— Work task —
Find and return every line of the data that contains the word "assumes".

— Collected data entries —
theorem propositionB1:
  fixes N n i j :: nat and c :: "nat \<Rightarrow> real" and R \<gamma> :: real
  assumes "N \<ge> 2"
    and "\<forall>k\<in>{1..N}. c k > 0"
    and "\<forall>k\<in>{1..N}. \<forall>l\<in>{1..N}. k \<le> l \<longrightarrow> c k \<le> c l"
    and "R > 0" and "\<gamma> \<ge> 0"
    and "2 \<le> n" and "n \<le> N"
    and "\<forall>k\<in>{1..n}. h_star n R \<gamma> c k > 0"
    and "is_nash N R \<gamma> c (\<lambda>k. if k \<in> {1..n} then h_star n R \<gamma> c k else 0)"
    and "i \<in> {1..n}" and "j \<in> {1..n}" and "i \<noteq> j"
  shows "(\<exists>D. ((\<lambda>x. pi_star n R \<gamma> (c(i := x)) i) has_real_derivative D) (at (c i)) \<and> D < 0)
       \<and> (\<exists>D. ((\<lambda>x. pi_star n R \<gamma> (c(j := x)) i) has_real_derivative D) (at (c j)) \<and> D > 0)"
proof -
  have cpos: "\<forall>k\<in>{1..n}. c k > 0" using assms(2,7) by auto
  have C: "cost_sum n c > 0" unfolding cost_sum_def using cpos assms(6) by (intro sum_pos) auto
  define H where "H = H_star n R \<gamma> c"
  have "H > 0" unfolding H_def using H_star_pos[OF assms(4-6) C] .
  have margin: "c i * H < R"
    using h_star_pos_imp_margin_pos[OF assms(4,5), of n c i] \<open>H > 0\<close> assms(8,10)
    unfolding H_def by blast
  have ci: "c i > 0" using cpos assms(10) by blast
  have "profit_dc R \<gamma> (c i) H + profit_dH R \<gamma> (c i) H * (- H / (2 * \<gamma> * H + cost_sum n c)) < 0"
    using profit_own_cost_derivative_neg[OF assms(4,5) \<open>H > 0\<close> _ margin
        cost_sum_minus_pos[OF cpos assms(6,10)]] ci
    by simp
  then have own: "\<exists>D. ((\<lambda>x. pi_star n R \<gamma> (c(i := x)) i) has_real_derivative D) (at (c i)) \<and> D < 0"
    using has_real_derivative_pi_star[OF assms(4-6) C assms(10), of i, folded H_def] by auto
  have "profit_dH R \<gamma> (c i) H < 0"
    using profit_dH_neg[OF assms(4,5) less_imp_le[OF \<open>H > 0\<close>] ci margin] .
  moreover have "- H / (2 * \<gamma> * H + cost_sum n c) < 0"
    using \<open>H > 0\<close> C assms(5) by (simp add: add_nonneg_pos)
  ultimately have "profit_dH R \<gamma> (c i) H * (- H / (2 * \<gamma> * H + cost_sum n c)) > 0"
    by (rule mult_neg_neg)
  then have other: "\<exists>D. ((\<lambda>x. pi_star n R \<gamma> (c(j := x)) i) has_real_derivative D) (at (c j)) \<and> D > 0"
    using has_real_derivative_pi_star[OF assms(4-6) C assms(11), of i, folded H_def] assms(12) by auto
  show ?thesis using own other by blast
qed
theorem mutual_info_avg_joint_le_rate: "mutual_info X Y avg_joint \<le> log 2 (real N) / real k"
proof -
  have "mutual_info X Y avg_joint \<le> (1 / real k) * (\<Sum>j<k. mutual_info X Y (letter_joint j))"
    by (rule mutual_info_avg_joint_le_avg)
  also have "\<dots> \<le> (1 / real k) * log 2 (real N)"
    by (intro mult_left_mono sum_letter_mutual_info_le_log) simp
  finally show ?thesis by simp
qed

end

section \<open>Reduction to the observed source\<close>

locale rdp_setting =
  fixes pS :: "('i::finite \<Rightarrow> 'a) \<Rightarrow> real" and Sa :: "'i \<Rightarrow> 'a set" and Rh :: "'i \<Rightarrow> 'b set"
    and E :: "'i set" and d :: "'i \<Rightarrow> 'a \<Rightarrow> 'b \<Rightarrow> real"
  assumes fin_S: "\<And>i. finite (Sa i)" and fin_R: "\<And>i. finite (Rh i)" and ne_R: "\<And>i. Rh i \<noteq> {}"
    and pmf: "pS \<in> prob_simplex (Pi\<^sub>E UNIV Sa)"
    and d_nonneg: "\<And>i a b. a \<in> Sa i \<Longrightarrow> b \<in> Rh i \<Longrightarrow> 0 \<le> d i a b"
begin

abbreviation "US \<equiv> Pi\<^sub>E (UNIV::'i set) Sa"
abbreviation "XS \<equiv> Pi\<^sub>E E Sa"
abbreviation "YS \<equiv> Pi\<^sub>E (UNIV::'i set) Rh"
abbreviation "pE \<equiv> marg_E pS Sa E"

definition fiber :: "('i \<Rightarrow> 'a) \<Rightarrow> ('i \<Rightarrow> 'a) set" where
  "fiber x = {a \<in> US. restrict a E = x}"

text \<open>Through it every
  constraint of the problem becomes a function of the pair \<open>(S\<^sub>E, hat S)\<close>.\<close>

definition eff_dist :: "'i \<Rightarrow> ('i \<Rightarrow> 'a) \<Rightarrow> 'b \<Rightarrow> real" where
  "eff_dist i x b = (if i \<in> E then d i (x i) b else hat_d pS Sa E d i x b)"

lemma finite_US: "finite US" by (intro finite_PiE fin_S) simp
lemma finite_XS: "finite XS" by (intro finite_PiE fin_S) simp
lemma finite_YS: "finite YS" by (intro finite_PiE fin_R) simp

lemma pS_nonneg: "0 \<le> pS a" using pmf by (simp add: prob_simplex_def)
lemma sum_pS: "sum pS US = 1" using pmf by (simp add: prob_simplex_def)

— Result for this task —
  assumes "N \<ge> 2"
  assumes fin_S: "\<And>i. finite (Sa i)" and fin_R: "\<And>i. finite (Rh i)" and ne_R: "\<And>i. Rh i \<noteq> {}"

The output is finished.